Obligate resprouting, obligate seeding, and facultative seeding shrub species in California’s Mediterranean-type climate region
Data files
Jun 30, 2023 version files 151.46 MB
Abstract
Mediterranean-climate region (MCR) shrublands have evolved a set of regeneration strategies in response to periodic, high-intensity wildfires: obligate seeding (OS), obligate resprouting (OR), and facultative seeding (FS) species. Spatial variation is seen in different regeneration strategies. In California, previous studies have found a higher abundance of OR species in mesic environments and OS species in xeric environments (Meentenmeyer et al. 2001). To date, however, data on their spatial distribution at a regional scale in California is limited and presents a significant information gap for resource managers of shrub-dominated landscapes. We developed a multinomial model using temporally dynamic and static variables to predict the distribution of the three shrub post-fire regeneration strategies, plus trees and herbs, in southern California. Cross-validation showed 50% of the predicted values for each of the five plant groups were within 8–24 percent of the actual value (Underwood et al. 2023). Spatial data for OS, OR, and FS provide an important contribution to resource management to help quantify carbon storage of shrublands and prioritize areas for post-fire restoration.
Methods
Our study area consists of shrublands within a 31,069 km2 (7,677,317 acres) footprint that encompasses all 36 Level IV ecoregions (Omernik and Griffith, 2014) that overlap with the Angeles, Cleveland, Los Padres, and San Bernardino National Forests in southern California, USA (Figure 1). Vegetation types in the study region are dominated by shrubland (62%), grassland (16%), broadleaf woodland (8%), and conifer and mixed conifer-broadleaf forests (8%). The predominant shrublands communities (following Wildlife Habitat Relations classification, Barbour et al., 2007; https://wildlife.ca.gov/Data/CWHR/Wildlife-Habitats [CWHR]) are: mixed chaparral (29%; dominated by scrub oak [Quercus berberidifolia], various species of Ceanothus and manzanita [Arctostaphylos], and other mostly resprouting shrub species); sage scrub (12%; dominated by California sagebrush [Artemisia californica], purple sage [Salvia leucophylla], black sage [Salvia mellifera], and California buckwheat [Eriogonum fasiculatum]); and chamise/redshank chaparral (6%; dominated by chamise [Adenostoma fasciculatum] and/or redshank [Adenostoma sparsifolium]).
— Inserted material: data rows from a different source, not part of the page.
(* Let $G=(V,E)$ be a graph with nonnegative edge lengths $l_e$, root $r$, and integer demands $d_v>0$ on a set of demand nodes, with total demand $D$. Fix $\epsilon>0$, $\gamma>1$, $\delta>1$, let $K=\lceil \log_{1+\epsilon} D\rceil$, $M_i=(1+\epsilon)^i$, $A_i(x)=\min\{x,M_i\}$, and let $T_i^*$ be an optimal routing tree for $A_i$ ($0\le i\le K$). Run the following procedure: (1) for each $i$ let $T_i$ be a routing tree returned by a deterministic $\lambda$-approximation algorithm for SSRoB with cost function $A_i$; (2) for $i=1,\dots,K$ in increasing order, if $A_i(T_{i-1})<A_i(T_i)$ set $T_i\leftarrow T_{i-1}$; (3) for $i=K-1,\dots,0$ in decreasing order, if $A_i(T_{i+1})<A_i(T_i)$ set $T_i\leftarrow T_{i+1}$; (4) compute the rent cost $R_i$ and normalized buy cost $B_i$ of each resulting $T_i$; (5) set $L_B=\emptyset$, $B=\infty$, and for $i=0,\dots,K$ in increasing order, if $B_i<B/\gamma$ then add $i$ to $L_B$ and set $B\leftarrow B_i$; (6) set $L=\emptyset$, $R=\infty$, and for each $i\in L_B$ in decreasing order, if $R_i<R/\delta$ then add $i$ to $L$ and set $R\leftarrow R_i$. Suppose there exist a routing tree $T$ and constants $c_B,c_R$ such that for every $i\in L$ there is a partition of the edges of $T$ into two sets $T_{B_i}$ and $T_{R_i}$ with $A_0(T_{B_i})\le c_B B_i$ and $A_K(T_{R_i})\le c_R R_i$. Then for all $k\in\{0,\dots,K\}$, $A_k(T)\le \max\{c_B\gamma,\,c_R\delta\}\,\lambda\, A_k(T_k^* )$.
   Context: A routing tree is a tree in $G$ containing $r$ and all demand nodes; each demand node $v$ sends $d_v$ units of flow to $r$ along its unique tree path, and $x_e$ denotes the total flow on edge $e$. For a function $f$ and a routing tree $T$, $f(T)=\sum_{e\in T} l_e f(x_e)$; for a subset $S$ of edges of $T$, $f(S)=\sum_{e\in S} l_e f(x_e)$ with $x_e$ the flows in $T$. The single-sink rent-or-buy (SSRoB) problem with parameter $M$ is to find a routing tree minimizing $A(T)$ for $A(x)=\min\{x,M\}$; a $\lambda$-approximation algorithm returns a routing tree of cost at most $\lambda$ times optimal. For a routing tree $T_i$ with flows $x_e$, its rent cost is $R_i=\sum_{e\in T_i,\,x_e<M_i} l_e A_i(x_e)$ and its normalized buy cost is $B_i=\sum_{e\in T_i,\,x_e\ge M_i} l_e$. *)

theory Defs
  imports Complex_Main
begin

text \<open>Undirected edges are two-element vertex sets.  Connectivity of vertices u, w
using only the edges of the edge set S (reflexive-transitive closure).\<close>
definition conn :: "'a set set \<Rightarrow> 'a \<Rightarrow> 'a \<Rightarrow> bool" where
  "conn S u w \<longleftrightarrow> (u, w) \<in> {(a, b). {a, b} \<in> S}\<^sup>*"

text \<open>Routing tree: a tree in G (edges from E, connected, acyclic = every edge is a bridge)
containing the root r and all demand nodes.\<close>
definition routing_tree :: "'a set set \<Rightarrow> 'a \<Rightarrow> 'a set \<Rightarrow> 'a set set \<Rightarrow> bool" where
  "routing_tree E r Dem T \<longleftrightarrow>
     T \<subseteq> E \<and> finite T \<and>
     (\<forall>v\<in>Dem. conn T v r) \<and>
     (\<forall>e\<in>T. \<forall>u\<in>e. conn T u r) \<and>
     (\<forall>e\<in>T. \<forall>u\<in>e. \<forall>w\<in>e. u \<noteq> w \<longrightarrow> \<not> conn (T - {e}) u w)"
(* In the setting of problem (P) with $f_0(x)=\mathbb{E}_\xi[F(x,\xi)]$, run Algorithm LCSPG with parameters $\gamma_k>L_0/2$. Then for every $k$ the $k$-th subproblem admits a Lagrange multiplier $\lambda^{k+1}\in\mathbb{R}^m_+$ (KKT conditions with $\psi_0^k$ as defined in LCSPG), and for any $\beta_k\in(0,2\gamma_k-L_0)$, $$\psi_0(x^{k+1})\le\psi_0(x^k)-\frac{2\gamma_k-\beta_k-L_0}{2}\|x^{k+1}-x^k\|^2+\frac{\|\zeta^k\|^2}{2\beta_k},$$ where $\zeta^k:=G^k-\nabla f_0(x^k)$.
   Context: Problem (P): minimize $\psi_0(x):=f_0(x)+\chi_0(x)$ over $x\in\mathbb{R}^d$ subject to $\psi_i(x):=f_i(x)+\chi_i(x)\le\eta_i$, $i\in[m]:=\{1,\dots,m\}$. Standing assumptions: $\chi_0$ is proper, convex, lower semicontinuous; each $\chi_i$ ($i\in[m]$) is convex and continuous on $\mathrm{dom}\,\chi_0$; each $f_i$ ($i=0,\dots,m$) is differentiable with $L_i$-Lipschitz gradient on $\mathrm{dom}\,\chi_0$; $L:=(L_1,\dots,L_m)^\top$; the optimal value $\psi_0^*$ of (P) is finite; the feasible set $\mathcal{X}:=\{x\in\mathrm{dom}\,\chi_0:\psi_i(x)\le\eta_i,\ i\in[m]\}$ is nonempty and compact. Vector inequalities are componentwise. Stochastic setting: $f_0(x)=\mathbb{E}_\xi[F(x,\xi)]$ with $F(\cdot,\xi)$ differentiable; a stochastic first-order oracle returns $\nabla F(x,\xi)$ with $\mathbb{E}[\nabla F(x,\xi)]=\nabla f_0(x)$ and $\mathbb{E}\|\nabla F(x,\xi)-\nabla f_0(x)\|^2\le\sigma^2$. Algorithm LCSPG: given $x^0\in\mathrm{dom}\,\chi_0$, $\eta^0$ with $\psi(x^0)<\eta^0<\eta$, batch sizes $b_k$, $\gamma_k>0$. At step $k$: draw $b_k$ i.i.d. samples $\xi_{1,k},\dots,\xi_{b_k,k}$ and set $G^k=\frac1{b_k}\sum_{j}\nabla F(x^k,\xi_{j,k})$; set $\psi_0^k(x)=\langle G^k,x\rangle+\frac{\gamma_k}{2}\|x-x^k\|^2+\chi_0(x)$ and, for $i\in[m]$, $\psi_i^k(x)=f_i(x^k)+\langle\nabla f_i(x^k),x-x^k\rangle+\frac{L_i}{2}\|x-x^k\|^2+\chi_i(x)$; let $x^{k+1}$ minimize $\psi_0^k$ subject to $\psi_i^k(x)\le\eta_i^k$, $i\in[m]$; set $\eta^{k+1}=\eta^k+\delta^k$ with $\delta^k>0$ and $\eta^{k+1}<\eta$. A Lagrange multiplier $\lambda^{k+1}\in\mathbb{R}^m_+$ satisfies $0\in\partial\psi_0^k(x^{k+1})+\sum_i\lambda_i^{k+1}\partial\psi_i^k(x^{k+1})$ and $\lambda_i^{k+1}(\psi_i^k(x^{k+1})-\eta_i^k)=0$. *)

theory Defs
  imports "HOL-Analysis.Analysis" "HOL-Probability.Probability"
begin

text \<open>Subdifferential of a convex function h that is finite on S and equal to +infinity
  outside S (for a real-valued function on the whole space take S = UNIV).\<close>
definition subdiff :: "'a set \<Rightarrow> ('a::real_inner \<Rightarrow> real) \<Rightarrow> 'a \<Rightarrow> 'a set" where
  "subdiff S h x = {g. \<forall>y\<in>S. h x + inner g (y - x) \<le> h y}"

text \<open>A proper, convex, lower semicontinuous extended-real function, represented by its
  effective domain D and its (finite) values on D; it is +infinity outside D.\<close>
definition proper_convex_lsc :: "'a::real_normed_vector set \<Rightarrow> ('a \<Rightarrow> real) \<Rightarrow> bool" where
  "proper_convex_lsc D h \<longleftrightarrow> D \<noteq> {} \<and> convex D \<and> convex_on D h \<and>
     closed {(x, t). x \<in> D \<and> h x \<le> t}"

definition obj_model :: "'a \<Rightarrow> real \<Rightarrow> 'a \<Rightarrow> ('a \<Rightarrow> real) \<Rightarrow> 'a::real_inner \<Rightarrow> real" where
  "obj_model G \<gamma> xk \<chi>0 y = inner G y + \<gamma> / 2 * (norm (y - xk))\<^sup>2 + \<chi>0 y"

definition con_model :: "('a \<Rightarrow> real) \<Rightarrow> 'a \<Rightarrow> real \<Rightarrow> ('a \<Rightarrow> real) \<Rightarrow> 'a \<Rightarrow> 'a::real_inner \<Rightarrow> real" where
  "con_model fi gi Li \<chi>i xk y = fi xk + inner gi (y - xk) + Li / 2 * (norm (y - xk))\<^sup>2 + \<chi>i y"

end

theory Submission
  imports Defs
begin

text \<open>
  Each LCSPG subproblem is a convex program, and the current iterate x_k is a Slater point for
  it: the linearised constraint at x_k takes the value psi_i(x_k) there, and by the descent lemma
  psi_i(x_k) is bounded by the previous level eta_{k-1,i} < eta_{k,i}. Slater's condition yields
  Lagrange multipliers, one constraint at a time by a slope argument, and the subdifferential sum
  rule, obtained by separating the epigraph of one summand from the strict hypograph of the
  other, turns minimality of the Lagrangian into the KKT inclusion.
  Since x_k is feasible for the subproblem, strong convexity of the proximal term gives
  <G_k, x_{k+1}> + chi_0(x_{k+1}) + gamma_k |x_{k+1} - x_k|^2 <= <G_k, x_k> + chi_0(x_k);
  the descent lemma for f_0 and Young's inequality for <zeta_k, x_{k+1} - x_k> then give the
  estimate. It holds pathwise.
\<close>

section \<open>Subgradients at minimisers\<close>

lemma convex_strict_hypograph:
  assumes "concave_on S h"
  shows "convex {(y, t). y \<in> S \<and> t < h y}"
  unfolding convex_def
proof (clarsimp)
  fix y1 t1 y2 t2 and u v :: real
  assume h: "y1 \<in> S" "t1 < h y1" "y2 \<in> S" "t2 < h y2" "0 \<le> u" "0 \<le> v" "u + v = 1"
  have "u * t1 + v * t2 < u * h y1 + v * h y2"
    using h by (cases "u = 0") (auto intro!: add_less_le_mono mult_strict_left_mono mult_left_mono)
  also have "\<dots> \<le> h (u *\<^sub>R y1 + v *\<^sub>R y2)"
    using assms h unfolding concave_on_def convex_on_def by (auto simp: algebra_simps)
  finally show "u *\<^sub>R y1 + v *\<^sub>R y2 \<in> S \<and> u * t1 + v * t2 < h (u *\<^sub>R y1 + v *\<^sub>R y2)"
    using assms h by (auto simp: concave_on_def convex_on_def convexD)
qed

lemma subdiff_iff_tilted_minimizer:
  "g \<in> subdiff S h x \<longleftrightarrow> (\<forall>y\<in>S. h x - inner g x \<le> h y - inner g y)"
  by (auto simp: subdiff_def inner_diff_right)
We analyzed 222 plots from the USDA Forest Service Forest Inventory and Analysis (FIA) program (Burkman, 2005) for which we estimated aboveground biomass using shrub species-specific allometric equations (McGinnis et al., 2010; Wakimoto, 1978) or a generalized shrub-herb biomass equation (Lutes et al., 2006, see Schrader-Patton and Underwood, 2021 for details). We assigned each species in the FIA plots to one of three lifeform categories: shrub, tree or herb (forbs and grasses). Shrub species were further categorized into one of three post-fire regeneration strategies: obligate seeder (OS), facultative seeder (FS), or obligate resprouter (OR) using descriptions of regeneration strategy and life history reported in primary literature and public databases (Gordon and White, 1994; Borchert et al., 2004; CNPS, 2021; FEIS, 2021). For each plot, we calculated the proportion of aboveground live biomass for each of these five plant groups: OS, FS, OR, tree, and herb, by dividing the estimated biomass of each by the summed total biomass across all groups.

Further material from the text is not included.